Another Mariel in the Making?
SAN JUAN – As the normalizing of diplomatic relations between the U.S. and Cuba draws nearer, the influx of Cuban immigrants seeking to reach U.S. soil or Latin American countries threatens to turn into a mass emigration similar to the 1980 Mariel boatlift. However, contrary to Mariel and to what has been the historical route for Cuban émigrés, the preferred course now is by land, according to media reports.

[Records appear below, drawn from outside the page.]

lemma bounded_matrix_row_H2:
  assumes "bounded_matrix M K"
  shows "(\<lambda>m. M n m) \<in> H2"
proof (rule H2_if_partial_sums_bounded(1))
  fix L
  define S where "S = (\<Sum>m<L. (cmod (M n m))\<^sup>2)"
  have S0: "0 \<le> S" unfolding S_def by (simp add: sum_nonneg)
  have "(\<Sum>i<Suc n. \<Sum>m<L. M i m * cnj (M n m) * cnj (zpow n i)) = (\<Sum>m<L. M n m * cnj (M n m))"
    by (simp add: zpow_def)
  also have "\<dots> = complex_of_real S" by (simp only: S_def of_real_sum complex_norm_square)
  finally have "cmod (complex_of_real S)
      \<le> K * sqrt (\<Sum>m<L. (cmod (cnj (M n m)))\<^sup>2) * sqrt (\<Sum>i<Suc n. (cmod (zpow n i))\<^sup>2)"
    using bounded_matrixD[OF assms, where N="Suc n" and L=L and a="\<lambda>m. cnj (M n m)" and b="zpow n"]
    by (simp only:)
  also have "\<dots> = K * sqrt S"
    by (simp add: S_def zpow_def)
  finally have "S \<le> K * sqrt S" using S0 by simp
  then show "S \<le> K\<^sup>2"
    by (rule le_square_if_le_mult_sqrt)
qed

lemma summable_matrix_row: "bounded_matrix M K \<Longrightarrow> a \<in> H2 \<Longrightarrow> summable (\<lambda>m. M n m * a m)"
  using bounded_matrix_row_H2 by (intro summable_mult_if_square_summable) (auto simp: mem_H2_iff)

lemma bounded_matrix_col_H2: "bounded_matrix M K \<Longrightarrow> (\<lambda>n. M n m) \<in> H2"
  using bounded_matrix_row_H2[OF bounded_matrix_conj_transpose, of M K m]
  by (simp add: conj_transpose_def mem_H2_iff)
(* Let $K$ be a kite (built from a triangle with angles $\alpha,\beta$ adjacent to a side of length $1$) in standard position, and let $K_1=K,K_2,\dots,K_n$ be a kite unfolding sequence given by a combinatorics of length $n$ (i.e. $n-1$ rotations). Let $(x^{\alpha}_n,y^{\alpha}_n)$ and $(x^{\beta}_n,y^{\beta}_n)$ be the coordinates of the $\alpha$-vertex and $\beta$-vertex of $K_n$, and $(x_n,y_n)$ the coordinates of either of the two side vertices of $K_n$. Then: (1) $x^{\alpha}_n,y^{\alpha}_n,x^{\beta}_n,y^{\beta}_n$ are trigonometric polynomials in $\alpha,\beta$ with integer coefficients, depending only on the combinatorics, of degree at most $2n-2$; (2) $x_n=P(\alpha,\beta)+\frac{\sin\beta}{\sin(\alpha+\beta)}\cos(m\alpha+l\beta)$ and $y_n=Q(\alpha,\beta)+\frac{\sin\beta}{\sin(\alpha+\beta)}\sin(m\alpha+l\beta)$, where $P,Q$ are trigonometric polynomials with integer coefficients of degree at most $2n-2$ and $m,l$ are integers with $|m|+|l|\le 2n-1$.
   Context: Let $T$ be a triangle with a side $AB$ of length $1$ whose adjacent angles are $\alpha$ (at $A$) and $\beta$ (at $B$). The kite $K$ is the union of $T$ and its reflection across $AB$; it has an $\alpha$-vertex $A$ (with angle $2\alpha$), a $\beta$-vertex $B$ (with angle $2\beta$), and two side vertices. The kite diagonal is the vector from the $\alpha$-vertex to the $\beta$-vertex, and the kite angle is the counterclockwise angle from the $x$-axis to the kite diagonal. $K$ is in standard position if its $\alpha$-vertex is at the origin and its $\beta$-vertex at $(1,0)$. A kite unfolding step replaces a kite by its image under rotation about its $\alpha$-vertex by $\pm2\alpha$ or about its $\beta$-vertex by $\pm2\beta$ (this corresponds to unfolding the triangle billiard along an orbit). A combinatorics of length $n$ is a sequence of $n-1$ such choices (angles $\pm2\alpha$ or $\pm2\beta$), producing kites $K_1=K,\dots,K_n$. A trigonometric polynomial in $\alpha,\beta$ with integer coefficients of degree at most $d$ is an integer linear combination of $\cos(a\alpha+b\beta)$ and $\sin(a\alpha+b\beta)$ with integers $|a|+|b|\le d$. *)

theory Defs
  imports Complex_Main
begin

text \<open>Points of the plane are complex numbers; the coordinates of a point z are (Re z, Im z).\<close>

definition admissible :: "real \<Rightarrow> real \<Rightarrow> bool" where
  "admissible \<alpha> \<beta> \<longleftrightarrow> 0 < \<alpha> \<and> 0 < \<beta> \<and> \<alpha> + \<beta> < pi"

text \<open>Third vertex of the triangle T with A = 0, B = 1, angle alpha at A, angle beta at B,
  lying in the upper half plane.\<close>
definition tri_apex :: "real \<Rightarrow> real \<Rightarrow> complex" where
  "tri_apex \<alpha> \<beta> = (THE c. \<exists>t>0. \<exists>s>0. c = complex_of_real t * cis \<alpha> \<and>
                               c = 1 + complex_of_real s * cis (pi - \<beta>))"

type_synonym kite = "complex \<times> complex \<times> complex \<times> complex"

definition alpha_vertex :: "kite \<Rightarrow> complex" where "alpha_vertex K = fst K"
definition beta_vertex :: "kite \<Rightarrow> complex" where "beta_vertex K = fst (snd K)"
definition side_vertex1 :: "kite \<Rightarrow> complex" where "side_vertex1 K = fst (snd (snd K))"
definition side_vertex2 :: "kite \<Rightarrow> complex" where "side_vertex2 K = snd (snd (snd K))"

text \<open>Kite in standard position: union of T and its reflection across AB (the real axis).\<close>
definition std_kite :: "real \<Rightarrow> real \<Rightarrow> kite" where
  "std_kite \<alpha> \<beta> = (0, 1, tri_apex \<alpha> \<beta>, cnj (tri_apex \<alpha> \<beta>))"

definition rot :: "complex \<Rightarrow> real \<Rightarrow> complex \<Rightarrow> complex" where
  "rot p \<theta> z = p + cis \<theta> * (z - p)"

definition rot_kite :: "complex \<Rightarrow> real \<Rightarrow> kite \<Rightarrow> kite" where
  "rot_kite p \<theta> K = (case K of (a, b, c, d) \<Rightarrow> (rot p \<theta> a, rot p \<theta> b, rot p \<theta> c, rot p \<theta> d))"

datatype step = AlphaPlus | AlphaMinus | BetaPlus | BetaMinus

fun unfold_step :: "real \<Rightarrow> real \<Rightarrow> kite \<Rightarrow> step \<Rightarrow> kite" where
  "unfold_step \<alpha> \<beta> K AlphaPlus  = rot_kite (alpha_vertex K) (2 * \<alpha>) K"
| "unfold_step \<alpha> \<beta> K AlphaMinus = rot_kite (alpha_vertex K) (- 2 * \<alpha>) K"
| "unfold_step \<alpha> \<beta> K BetaPlus   = rot_kite (beta_vertex K) (2 * \<beta>) K"
| "unfold_step \<alpha> \<beta> K BetaMinus  = rot_kite (beta_vertex K) (- 2 * \<beta>) K"

text \<open>Last kite K_n of the unfolding sequence given by a combinatorics ws
  (a list of n-1 steps), starting from the kite in standard position.\<close>
definition last_kite :: "real \<Rightarrow> real \<Rightarrow> step list \<Rightarrow> kite" where
  "last_kite \<alpha> \<beta> ws = foldl (unfold_step \<alpha> \<beta>) (std_kite \<alpha> \<beta>) ws"

definition trig_poly_on :: "nat \<Rightarrow> (real \<Rightarrow> real \<Rightarrow> real) \<Rightarrow> bool" where
  "trig_poly_on d f \<longleftrightarrow> (\<exists>c s :: int \<times> int \<Rightarrow> int. \<forall>\<alpha> \<beta>. admissible \<alpha> \<beta> \<longrightarrow>
     f \<alpha> \<beta> = (\<Sum>(a, b) \<in> {(a, b). \<bar>a\<bar> + \<bar>b\<bar> \<le> int d}.
        of_int (c (a, b)) * cos (of_int a * \<alpha> + of_int b * \<beta>)
      + of_int (s (a, b)) * sin (of_int a * \<alpha> + of_int b * \<beta>)))"

end

theory Submission
  imports Defs
begin

text \<open>In complex coordinates the kite in standard position has vertices 0, 1 and, by the
  law of sines, \<open>r cis (\<plusminus>\<alpha>)\<close> with \<open>r = sin \<beta> / sin (\<alpha> + \<beta>)\<close>. An unfolding step is
  \<open>z \<mapsto> p + cis \<theta> (z - p)\<close> with pivot \<open>p\<close> the \<alpha>- or \<beta>-vertex and \<open>\<theta> = \<plusminus>2\<alpha>\<close> or \<open>\<plusminus>2\<beta>\<close>.
  Hence, by induction on the combinatorics, every vertex is a finite sum of Gaussian-integer
  multiples of \<open>cis (a\<alpha> + b\<beta>)\<close>, plus for the side vertices one extra term \<open>r cis (m\<alpha> + l\<beta>)\<close>:
  the pivots carry no such term, so each step only multiplies it by \<open>cis \<theta>\<close>, and every step
  raises all degrees by at most 2. Taking real and imaginary parts gives the claim.\<close>

lemma trig_poly_on_zero: "trig_poly_on d (\<lambda>_ _. 0)"
  unfolding trig_poly_on_def by (rule exI[of _ "\<lambda>_. 0"])+ (simp add: split_def)

lemma trig_poly_on_add:
  assumes "trig_poly_on d f" "trig_poly_on d g"
  shows "trig_poly_on d (\<lambda>\<alpha> \<beta>. f \<alpha> \<beta> + g \<alpha> \<beta>)"
proof -
  let ?S = "\<lambda>c s \<alpha> \<beta>. \<Sum>(a, b) \<in> {(a, b). \<bar>a\<bar> + \<bar>b\<bar> \<le> int d}.
        of_int (c (a, b)) * cos (of_int a * \<alpha> + of_int b * \<beta>)
      + of_int (s (a, b)) * sin (of_int a * \<alpha> + of_int b * \<beta>)"
  obtain c s c' s' where "\<forall>\<alpha> \<beta>. admissible \<alpha> \<beta> \<longrightarrow> f \<alpha> \<beta> = ?S c s \<alpha> \<beta>"
    and "\<forall>\<alpha> \<beta>. admissible \<alpha> \<beta> \<longrightarrow> g \<alpha> \<beta> = ?S c' s' \<alpha> \<beta>"
    using assms unfolding trig_poly_on_def by blast
  then show ?thesis
    unfolding trig_poly_on_def
    by (intro exI[of _ "\<lambda>k. c k + c' k"] exI[of _ "\<lambda>k. s k + s' k"])
       (simp add: split_def sum.distrib[symmetric] algebra_simps)
qed

lemma finite_degree_box: "finite {(a, b :: int). \<bar>a\<bar> + \<bar>b\<bar> \<le> int d}"
  by (rule finite_subset[of _ "{- int d..int d} \<times> {- int d..int d}"]) auto

lemma trig_poly_on_monomial:
  fixes a b x y :: int
  assumes "\<bar>a\<bar> + \<bar>b\<bar> \<le> int d"
  shows "trig_poly_on d (\<lambda>\<alpha> \<beta>. of_int x * cos (of_int a * \<alpha> + of_int b * \<beta>)
                                 + of_int y * sin (of_int a * \<alpha> + of_int b * \<beta>))"
proof -
  let ?c = "\<lambda>k. if k = (a, b) then x else 0" and ?s = "\<lambda>k. if k = (a, b) then y else 0"
  have "(\<Sum>(a', b') \<in> {(a, b). \<bar>a\<bar> + \<bar>b\<bar> \<le> int d}.
          of_int (?c (a', b')) * cos (of_int a' * \<alpha> + of_int b' * \<beta>)
        + of_int (?s (a', b')) * sin (of_int a' * \<alpha> + of_int b' * \<beta>))
      = (\<Sum>k \<in> {(a, b). \<bar>a\<bar> + \<bar>b\<bar> \<le> int d}. if k = (a, b) then
          of_int x * cos (of_int a * \<alpha> + of_int b * \<beta>) + of_int y * sin (of_int a * \<alpha> + of_int b * \<beta>)
          else 0)" for \<alpha> \<beta> :: real
    by (rule sum.cong) (auto split: prod.splits)
  also have "\<dots> \<alpha> \<beta> = of_int x * cos (of_int a * \<alpha> + of_int b * \<beta>) + of_int y * sin (of_int a * \<alpha> + of_int b * \<beta>)"
    for \<alpha> \<beta> :: real
    using assms finite_degree_box by (simp add: sum.delta')
  finally show ?thesis
    unfolding trig_poly_on_def by (intro exI[of _ ?c] exI[of _ ?s]) simp
qed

As of November 2015, some 3,000 Cuban immigrants on their way north have gathered at the Costa Rica-Nicaragua border waiting for the Nicaraguan government to allow them passage. Nicaragua, which had been acting as a receiving country for Cuban immigrants detained in Costa Rica, changed its policy earlier that month and now requires Cuban nationals to obtain a visa before reaching the border or any port of entry. Immigrants arriving at the borders without visas are being turned back to Costa Rica and/ or their entrance to the country blocked.
According to Costa Rica’s Immigration Administration, the number of Cubans arriving to the country has spiked from about 50 in 2011 to 12,166 from January 2015 to September 2015.

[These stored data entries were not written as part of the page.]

(* Let $R$ be a commutative ring, $F$ a free $R$-module with basis $e_1,\dots,e_n$, $\varphi:F\to R$ an $R$-linear map, $M$ an $R$-module and $t\ge 0$. Define $\gamma_t:K_{s+t}(\varphi,M)\to K_s(\varphi,K_t(\varphi,M))=\bigwedge^sF\otimes_R K_t(\varphi,M)$ for every $s\ge 0$ by $\gamma_t(f)=\sum_{\#I=s}e_I\otimes b_I$, where $b_I$ is determined by the decomposition $f=a_I+e_I.b_I$. Then $\gamma_t$ is a map of complexes $K(\varphi,M)\to K(\varphi,K_t(\varphi,M))[-t]$, i.e. $\gamma_t$ commutes with the Koszul differentials (the differential on $K(\varphi,K_t(\varphi,M))$ being the Koszul differential of $\varphi$ with coefficients in the module $K_t(\varphi,M)$).
   Context: The Koszul complex is $K(\varphi,N)=\bigwedge^\bullet F\otimes_R N$ for an $R$-module $N$, with $K_t(\varphi,N)=\bigwedge^tF\otimes_R N$ and differential $e_{i_1}\wedge\cdots\wedge e_{i_s}\otimes m\mapsto \sum_{j=1}^s(-1)^{j+1}e_{i_1}\wedge\cdots\widehat{e_{i_j}}\cdots\wedge e_{i_s}\otimes \varphi(e_{i_j})m$. The exterior algebra acts on $K(\varphi,M)$ by left multiplication, written $a.f$. For $I=\{i_1<\dots<i_s\}$, $e_I=e_{i_1}\wedge\cdots\wedge e_{i_s}$. Every $f\in K_r(\varphi,M)$ is uniquely $\sum_{\#J=r}e_J\otimes m_J$; $e_J$ appears in $f$ if $m_J\ne0$. For $f\in K_{s+t}(\varphi,M)$ and $\#I=s$ there is a unique decomposition $f=a_I+e_I.b_I$ with $a_I\in K_{s+t}(\varphi,M)$, $b_I\in K_t(\varphi,M)$, no $e_J$ with $J\supseteq I$ appearing in $a_I$, and no $e_S$ with $S\cap I\ne\emptyset$ appearing in $b_I$. *)

theory Defs
  imports Main "HOL.Modules" "HOL-Library.Function_Algebras"
begin
lemma prox_obj_quadratic_growth:
  fixes h :: "'a::real_inner \<Rightarrow> ereal"
  assumes cv: "convex_fun (\<lambda>z. h z - ereal (\<mu> / 2 * norm z^2))" and "\<gamma> > 0"
    and min: "\<And>w. prox_obj \<gamma> h v p \<le> prox_obj \<gamma> h v w"
    and hp: "h p = ereal P" and hw: "h w = ereal W"
  shows "P + norm (p - v)^2 / (2 * \<gamma>) + (\<mu> / 2 + 1 / (2 * \<gamma>)) * norm (w - p)^2
      \<le> W + norm (w - v)^2 / (2 * \<gamma>)"
proof -
  define k where "k = \<mu> / 2 + 1 / (2 * \<gamma>)"
  define D where "D = norm (w - p)^2"
  define qp where "qp = norm (p - v)^2 / (2 * \<gamma>)"
  define qw where "qw = norm (w - v)^2 / (2 * \<gamma>)"
  have along_segment: "P + qp + k * D \<le> W + qw + t * (k * D)" if "0 < t" "t \<le> 1" for t
  proof -
    let ?m = "(1 - t) *\<^sub>R p + t *\<^sub>R w"
    have "h ?m \<le> ereal ((1 - t) * P + t * W - \<mu> / 2 * t * (1 - t) * D)"
      using strongly_convex_fun_comb_le[OF cv hp hw, of t] that by (simp add: D_def norm_minus_commute)
    moreover have "norm (?m - v)^2 / (2 * \<gamma>) = (1 - t) * qp + t * qw - t * (1 - t) * D / (2 * \<gamma>)"
      unfolding norm_convex_comb_diff_sq qp_def qw_def D_def using \<open>\<gamma> > 0\<close>
      by (simp add: field_simps norm_minus_commute)
    moreover have "h p + ereal qp \<le> h ?m + ereal (norm (?m - v)^2 / (2 * \<gamma>))"
      using min[of ?m] unfolding prox_obj_def qp_def .
    ultimately have "P + qp \<le> (1 - t) * P + t * W - \<mu> / 2 * t * (1 - t) * D
        + ((1 - t) * qp + t * qw - t * (1 - t) * D / (2 * \<gamma>))"
      unfolding hp by (cases "h ?m") auto
    then have "t * (P + qp) \<le> t * (W + qw - k * (1 - t) * D)"
      unfolding k_def using \<open>\<gamma> > 0\<close> by (simp add: field_simps)
    then have "P + qp \<le> W + qw - k * (1 - t) * D"
      using \<open>0 < t\<close> by (simp add: mult_le_cancel_left_pos)
    moreover have "k * (1 - t) * D = k * D - t * (k * D)"
      by (simp add: algebra_simps)
    ultimately show ?thesis
      by linarith
  qed
  have "P + qp + k * D \<le> W + qw"
  proof (rule field_le_epsilon)
    fix e :: real
    assume "e > 0"
    define t where "t = min 1 (e / (\<bar>k * D\<bar> + 1))"
    have t: "0 < t" "t \<le> 1"
      using \<open>e > 0\<close> by (auto simp: t_def)
    have "t * (k * D) \<le> t * \<bar>k * D\<bar>"
      using t by (simp add: mult_left_mono)
    also have "\<dots> \<le> e / (\<bar>k * D\<bar> + 1) * \<bar>k * D\<bar>"
      by (intro mult_right_mono) (auto simp: t_def)
    also have "\<dots> \<le> e"
      using \<open>e > 0\<close> by (simp add: field_simps)
    finally show "P + qp + k * D \<le> W + qw + e"
      using along_segment[OF t] by linarith
  qed
  then show ?thesis
    by (simp add: k_def D_def qp_def qw_def)
qed

lemma prox_minimizes:
  fixes h :: "'a::euclidean_space \<Rightarrow> ereal"
  assumes "proper_fun h" and "closed_fun h"
    and cv: "convex_fun (\<lambda>z. h z - ereal (\<mu> / 2 * norm z^2))" and "\<mu> \<ge> 0" and "\<gamma> > 0"
  shows "prox \<gamma> h v \<in> edom h" and "prox_obj \<gamma> h v (prox \<gamma> h v) \<le> prox_obj \<gamma> h v w"
proof -
  have nm: "\<And>x. h x \<noteq> -\<infinity>"
    using \<open>proper_fun h\<close> by (simp add: proper_fun_def)
  obtain p where p: "\<And>w. prox_obj \<gamma> h v p \<le> prox_obj \<gamma> h v w"
    using prox_obj_has_minimizer[OF assms] by blast
  have fin: "h q \<noteq> \<infinity>" if "\<And>w. prox_obj \<gamma> h v q \<le> prox_obj \<gamma> h v w" for q
  proof -
    obtain x0 where "h x0 < \<infinity>"
      using \<open>proper_fun h\<close> by (auto simp: proper_fun_def)
    then show ?thesis
      using that[of x0] by (auto simp: prox_obj_def)
  qed
  have k: "\<mu> / 2 + 1 / (2 * \<gamma>) > 0"
    using \<open>\<mu> \<ge> 0\<close> \<open>\<gamma> > 0\<close> by (simp add: add_nonneg_pos)
  have unique: "q = p" if q: "\<And>w. prox_obj \<gamma> h v q \<le> prox_obj \<gamma> h v w" for q
  proof -
    obtain P where hp: "h p = ereal P"
      using fin[OF p] nm[of p] by (cases "h p") auto
    obtain Q where hq: "h q = ereal Q"
      using fin[OF q] nm[of q] by (cases "h q") auto
    have "(\<mu> / 2 + 1 / (2 * \<gamma>)) * norm (q - p)^2 + (\<mu> / 2 + 1 / (2 * \<gamma>)) * norm (p - q)^2 \<le> 0"
      using prox_obj_quadratic_growth[OF cv \<open>\<gamma> > 0\<close> p hp hq]
        prox_obj_quadratic_growth[OF cv \<open>\<gamma> > 0\<close> q hq hp] by linarith
    then have "norm (q - p)^2 \<le> 0"
      using k by (simp add: norm_minus_commute mult_le_0_iff)
    then show "q = p"
      by simp
  qed
  have "prox \<gamma> h v = p"
    unfolding prox_def prox_obj_def[symmetric]
  proof (rule the_equality)
    fix q
    assume "\<forall>w. prox_obj \<gamma> h v q \<le> prox_obj \<gamma> h v w"
    then show "q = p"
      by (intro unique) blast
  qed (use p in blast)
  then show "prox \<gamma> h v \<in> edom h" and "prox_obj \<gamma> h v (prox \<gamma> h v) \<le> prox_obj \<gamma> h v w"
    using fin[OF p] p by (auto simp: edom_def less_top)
qed

lemma prox_three_point:
  fixes h :: "'a::real_inner \<Rightarrow> ereal"
  assumes cv: "convex_fun (\<lambda>z. h z - ereal (\<mu> / 2 * norm z^2))" and "L > 0"
    and min: "\<And>w. prox_obj (1 / L) h (c - (1 / L) *\<^sub>R a) p \<le> prox_obj (1 / L) h (c - (1 / L) *\<^sub>R a) w"
    and "h p = ereal P" and "h w = ereal W"
  shows "P + L / 2 * norm (p - c)^2 + inner a (p - c) + (\<mu> + L) / 2 * norm (w - p)^2
      \<le> W + L / 2 * norm (w - c)^2 + inner a (w - c)"
proof -
  have expand: "norm (y - (c - (1 / L) *\<^sub>R a))^2 / (2 * (1 / L))
      = L / 2 * norm (y - c)^2 + inner a (y - c) + norm a^2 / (2 * L)" for y
  proof -
    have "norm (y - (c - (1 / L) *\<^sub>R a))^2
        = norm (y - c)^2 + 2 * inner (y - c) ((1 / L) *\<^sub>R a) + norm ((1 / L) *\<^sub>R a)^2"
      using dot_norm[of "y - c" "(1 / L) *\<^sub>R a"] by (simp add: algebra_simps)
    then show ?thesis
      using \<open>L > 0\<close> by (simp add: inner_commute field_simps power2_eq_square)
  qed
  have "P + norm (p - (c - (1 / L) *\<^sub>R a))^2 / (2 * (1 / L)) + (\<mu> / 2 + 1 / (2 * (1 / L))) * norm (w - p)^2
      \<le> W + norm (w - (c - (1 / L) *\<^sub>R a))^2 / (2 * (1 / L))"
    by (rule prox_obj_quadratic_growth[OF cv _ min assms(4,5)]) (use \<open>L > 0\<close> in simp)
  then show ?thesis
    unfolding expand by (simp add: field_simps)
qed

lemma inner_le_weighted_sq:
  fixes d w :: "'a::real_inner"
  assumes "c > 0"
  shows "inner d w \<le> c / 2 * norm w^2 + norm d^2 / (2 * c)"
proof -
  have "norm (c *\<^sub>R w - d)^2 = c^2 * norm w^2 - 2 * c * inner d w + norm d^2"
    using dot_norm_neg[of "c *\<^sub>R w" d] by (simp add: inner_commute power_mult_distrib)
  then have "2 * c * inner d w \<le> c^2 * norm w^2 + norm d^2"
    using zero_le_power2[of "norm (c *\<^sub>R w - d)"] by linarith
  then have "inner d w \<le> (c^2 * norm w^2 + norm d^2) / (2 * c)"
    using assms by (simp add: pos_le_divide_eq algebra_simps)
  also have "\<dots> = c / 2 * norm w^2 + norm d^2 / (2 * c)"
    using assms by (simp add: field_simps power2_eq_square)
  finally show ?thesis .
qed

lemma grad_g_beta_max_growth:
  fixes g :: "'a::euclidean_space \<Rightarrow> ereal"
  assumes G: "proper_fun (fconj g)" and cv: "convex_fun (\<lambda>y. fconj g y - ereal (\<mu> / 2 * norm y^2))"
    and "\<mu> \<ge> 0" and "\<beta> > 0"
    and s: "s = grad_g_beta g \<beta> u yd" and "fconj g s = ereal S" and "fconj g y = ereal Y"
  shows "inner u y - Y - \<beta> / 2 * norm (y - yd)^2 + (\<mu> + \<beta>) / 2 * norm (y - s)^2
      \<le> inner u s - S - \<beta> / 2 * norm (s - yd)^2"
proof -
  have "yd + (1 / \<beta>) *\<^sub>R u = yd - (1 / \<beta>) *\<^sub>R (- u)"
    by simp
  then have "prox_obj (1 / \<beta>) (fconj g) (yd - (1 / \<beta>) *\<^sub>R (- u)) s
      \<le> prox_obj (1 / \<beta>) (fconj g) (yd - (1 / \<beta>) *\<^sub>R (- u)) w" for w
    using prox_minimizes(2)[OF G closed_fun_fconj cv \<open>\<mu> \<ge> 0\<close>] \<open>\<beta> > 0\<close>
    unfolding s grad_g_beta_def by simp
  from prox_three_point[OF cv \<open>\<beta> > 0\<close> this assms(6,7)] show ?thesis
    by (simp add: inner_diff_right)
qed

lemma g_beta_ge:
  assumes "fconj g s = ereal S"
  shows "ereal (inner u s - S - \<beta> / 2 * norm (s - yd)^2) \<le> g_beta g \<beta> u yd"
  unfolding g_beta_def by (rule SUP_upper2[where i = s]) (simp_all add: assms)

Immigration Administration officials have said Cuban immigrants arriving to Costa Rica come through Ecuador, where there has been no visa requirement to enter the country since 2008. That is, up until Dec. 1, 2015, when the Ecuadorian government started requiring visas only for Cuban nationals entering the country.

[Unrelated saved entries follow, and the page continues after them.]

lemma diag_rescale_to_box_boundary:
  fixes \<xi> :: "real^'n"
  assumes "\<xi> \<noteq> 0" and a: "\<And>j. a j > 0"
  obtains s \<eta> where "s > 0" "(\<forall>j. \<bar>\<eta> $ j\<bar> \<le> 1) \<and> (\<exists>j. \<bar>\<eta> $ j\<bar> = 1)"
    "\<xi> = (\<chi> i. s powr a i * \<eta> $ i)" "\<And>j. \<bar>\<xi> $ j\<bar> powr (1 / a j) \<le> s"
proof -
  define f where "f i = \<bar>\<xi> $ i\<bar> powr (1 / a i)" for i
  define s where "s = Max (range f)"
  have f_le: "f i \<le> s" for i unfolding s_def by (rule Max_ge) auto
  have "s \<in> range f" unfolding s_def by (rule Max_in) auto
  then obtain j0 where j0: "f j0 = s" by auto
  obtain i1 where "\<xi> $ i1 \<noteq> 0" using \<open>\<xi> \<noteq> 0\<close> by (auto simp: vec_eq_iff)
  then have "0 < f i1" by (simp add: f_def)
  then have s: "s > 0" using f_le[of i1] by linarith
  have f_powr: "f i powr a i = \<bar>\<xi> $ i\<bar>" for i using a[of i] by (simp add: f_def powr_powr)
  define \<eta> where "\<eta> = (\<chi> i. s powr (- a i) * \<xi> $ i)"
  have \<eta>_abs: "\<bar>\<eta> $ i\<bar> = \<bar>\<xi> $ i\<bar> / s powr a i" for i
    using s by (simp add: \<eta>_def abs_mult powr_minus divide_inverse mult.commute)
  have "\<bar>\<xi> $ i\<bar> \<le> s powr a i" for i
    unfolding f_powr[symmetric] using f_le[of i] a[of i] by (intro powr_mono2) (auto simp: f_def)
  then have "\<bar>\<eta> $ i\<bar> \<le> 1" for i using s by (simp add: \<eta>_abs divide_le_eq_1)
  moreover have "\<bar>\<xi> $ j0\<bar> = s powr a j0" using f_powr[of j0] j0 by simp
  then have "\<bar>\<eta> $ j0\<bar> = 1" using s by (simp add: \<eta>_abs)
  moreover have "\<xi> = (\<chi> i. s powr a i * \<eta> $ i)"
    using s by (simp add: \<eta>_def vec_eq_iff powr_minus)
  ultimately show thesis using that[OF s] f_le by (auto simp: f_def)
qed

“Our commitment in San Salvador was that starting on Dec. 1, Ecuador will require visas from Cuban citizens, not because we have something against Cuba…. We do this to stop the human rights violations and the loss of lives,” said Deputy Foreign Minister Xavier Lasso, referring to negotiations at the Sistema de Integración de Centroamérica meeting on Nov. 24, 2015, in El Salvador.
Cubans who want to reach the U.S. fl y to Ecuador and then travel by land and sometimes by air, through Colombia and Central America until reaching the U.S.- Mexico border, according to media reports. Once in Ecuador, most of these immigrants, who have had the means to buy a plane ticket and maybe some additional money sent by family and relatives living in the U.S., fall prey to smugglers offering to transport them as far as their money could get them in their journey north. For the 3,000 Cuban immigrants now camped in the town of Peñas Blancas, near the border with Nicaragua, the journey seems to have ended in Costa Rica.
“We warned this could happen…. It’s not as if this problem suddenly came into being and now we are taking action. The existence of this problem has been made visible in the clearest terms after a human smuggling network was dismantled last week,” said Costa Rican Foreign Minister Manuel González recently.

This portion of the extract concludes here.